Schonzeit zu Ende: Den Haag ruft serbischen Nationalisten zurück

Er soll im Balkankrieg schwere Verbrechen begangen haben und sass dafür über 11 Jahre in Den Haag im Gefängnis: der serbische Ultranationalist Vojislav Seselj. Seit November genoss der 60-Jährige aufgrund eines Krebsleidens Haftverschonung. Damit soll nun Schluss sein.

Vojislav Seselj

Bildlegende: Vojislav Seselj benutzte den Gerichtssaal in Den Haag mehrfach als Bühne für seine verbalen Ausbrüche. Reuters

Der wegen schwerer Verbrechen in Bosnien und Kroatien während der Jugoslawienkriege angeklagte serbische Ultranationalist Vojislav Seselj muss erneut in Haft. Das UNO-Kriegsverbrechertribunal für Ex-Jugoslawien hat die vorläufige Haftverschonung für Seselj aufgehoben.

«  Ich werde ganz sicher nicht freiwillig nach Den Haag zurückkehren. »

Vojislav Seselj
Serbischer Ultranationalist

Das Gericht hatte den 60-Jährigen im November vorläufig auf freien Fuss gesetzt, damit er sich in Serbien einer Krebsbehandlung unterziehen kann. Seither griff der Angeklagte das Tribunal mehrfach verbal an und erklärte, er werde nicht zur Urteilsverkündung erscheinen und auch eine mögliche Haftstrafe nicht antreten.

Seselj sagte der Nachrichtenagentur AFP, die Entscheidung des UNO-Tribunals interessiere ihn nicht. «Ich werde ganz sicher nicht freiwillig nach Den Haag zurückkehren.» Seselj betrachtet den Haager Gerichtshof als «illegales Gericht».

Wird Serbien Seselj ausliefern?

Mit der Aufhebung der Haftverschonung ist es nun Aufgabe der serbischen Behörden, Seselj festzunehmen und nach Den Haag zu überstellen. Serbiens Regierungschef Aleksandar Vucic kündigte eine Entscheidung über eine eventuelle Verhaftung und Überstellung Seseljs für die nächsten Tage an. Vucic war über Jahre einer der engsten Mitarbeiter des serbischen Ultra-Nationalisten Vojislav Seselj.

Seselj werden Kriegsverbrechen und Verbrechen gegen die Menschlichkeit zur Zeit der Jugoslawienkriege Anfang der 1990er-Jahre vorgeworfen. Der serbische Ultranationalist stellte sich im Februar 2003 freiwillig dem Tribunal, weil er «eine Schau, wie sie dieses Gericht bietet», nicht verpassen wollte. Die Anklage fordert 28 Jahre Haft; Seselji plädiert auf unschuldig.

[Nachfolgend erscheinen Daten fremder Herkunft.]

lemma IR_map_graph:
  assumes f: "inj f"
  shows "IR (map_graph f G) = IR G"
proof -
  have "{card D' | D'. irredundant (map_graph f G) D'} = {card (f ` D) | D. irredundant G D}"
    using f by (auto simp: irredundant_map_graph)
  also have "\<dots> = {card D | D. irredundant G D}"
    using f by (simp add: card_image inj_on_subset)
  finally show ?thesis
    unfolding IR_def by simp
qed

lemma IR_sets_map_graph: "inj f \<Longrightarrow> IR_sets (map_graph f G) = image f ` IR_sets G"
  unfolding IR_sets_def
  by (auto simp: IR_map_graph irredundant_map_graph card_image inj_on_subset)

lemma IR_swap_map_graph:
  assumes f: "inj f"
  shows "IR_swap (map_graph f G) (f ` X) (f ` Y) \<longleftrightarrow> IR_swap G X Y"
proof -
  have "f ` Y = f ` X - {f u} \<union> {f v} \<longleftrightarrow> Y = X - {u} \<union> {v}" for u v
  proof -
    have "f ` X - {f u} \<union> {f v} = f ` (X - {u} \<union> {v})"
      using f by (simp add: image_set_diff)
    then show ?thesis
      using f by (simp only: inj_image_eq_iff)
  qed
  then show ?thesis
    unfolding IR_swap_def using f by (auto simp: adj_map_graph)
qed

Während des Verfahrens wurde der 60-Jährige bereits mehrfach wegen Missachtung des Gerichts zu Haftstrafen verurteilt. Der Prozess ist abgeschlossen, nach einem Richterwechsel wurde die Urteilsverkündung jedoch verschoben. Mit einem Urteil wird frühestens Mitte 2015 gerechnet.

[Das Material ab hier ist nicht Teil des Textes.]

lemma block_perm_idx_of:
  assumes "valid_E d E"
  shows "block_perm d E lam s (idx_of d E y z) =
    (if xor_d d y = s \<and> xor_d d z = lam (\<lambda>i. i < d \<and> y i) then 1 else 0)"
proof -
  have "xor_d d (\<lambda>i. pp (E i) (idx_of d E y z i)) = xor_d d y"
    by (rule xor_d_cong) (simp add: pp_idx_of assms)
  moreover have "xor_d d (\<lambda>i. mu (E i) (idx_of d E y z i)) = xor_d d z"
    by (rule xor_d_cong) (simp add: mu_idx_of assms)
  moreover have "pvec d E (idx_of d E y z) = (\<lambda>i. i < d \<and> y i)"
    unfolding pvec_def using pp_idx_of[OF assms] by auto
  ultimately show ?thesis unfolding block_perm_def by simp
qed

lemma block_perm_cong_E:
  "(\<And>i. i < d \<Longrightarrow> E' i = E i) \<Longrightarrow> block_perm d E' lam s = block_perm d E lam s"
proof
  fix \<alpha> assume E: "\<And>i. i < d \<Longrightarrow> E' i = E i"
  then have "xor_d d (\<lambda>i. pp (E' i) (\<alpha> i)) = xor_d d (\<lambda>i. pp (E i) (\<alpha> i))"
    and "xor_d d (\<lambda>i. mu (E' i) (\<alpha> i)) = xor_d d (\<lambda>i. mu (E i) (\<alpha> i))"
    and "pvec d E' \<alpha> = pvec d E \<alpha>"
    by (simp_all cong: xor_d_cong add: pvec_def)
  then show "block_perm d E' lam s \<alpha> = block_perm d E lam s \<alpha>"
    unfolding block_perm_def by simp
qed

lemma tess_neg_inf_not_both_filled:
  assumes "tess_neg_inf d E s E' s'" and "\<alpha> \<in> idx d"
  shows "\<not> (xor_d d (\<lambda>i. pp (E i) (\<alpha> i)) = s \<and> xor_d d (\<lambda>i. pp (E' i) (\<alpha> i)) = s')"
proof
  assume "xor_d d (\<lambda>i. pp (E i) (\<alpha> i)) = s \<and> xor_d d (\<lambda>i. pp (E' i) (\<alpha> i)) = s'"
  moreover have "\<alpha> \<in> subcube d E (\<lambda>i. pp (E i) (\<alpha> i)) \<inter> subcube d E' (\<lambda>i. pp (E' i) (\<alpha> i))"
    using assms(2) unfolding subcube_def by auto
  ultimately show False
    using assms(1) unfolding tess_neg_inf_def filled_def by blast
qed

Ziel: Ethnische Säuberung?

Die Anklage wirft Seselj vor, zwischen 1991 und 1993 an gemeinschaftlichen kriminellen Unternehmen teilgenommen zu haben, welche die «ethnische Säuberung» von Teilen Kroatiens, Bosniens und der serbischen Provinz Vojvodina von Nicht-Serben zum Ziel gehabt hätten.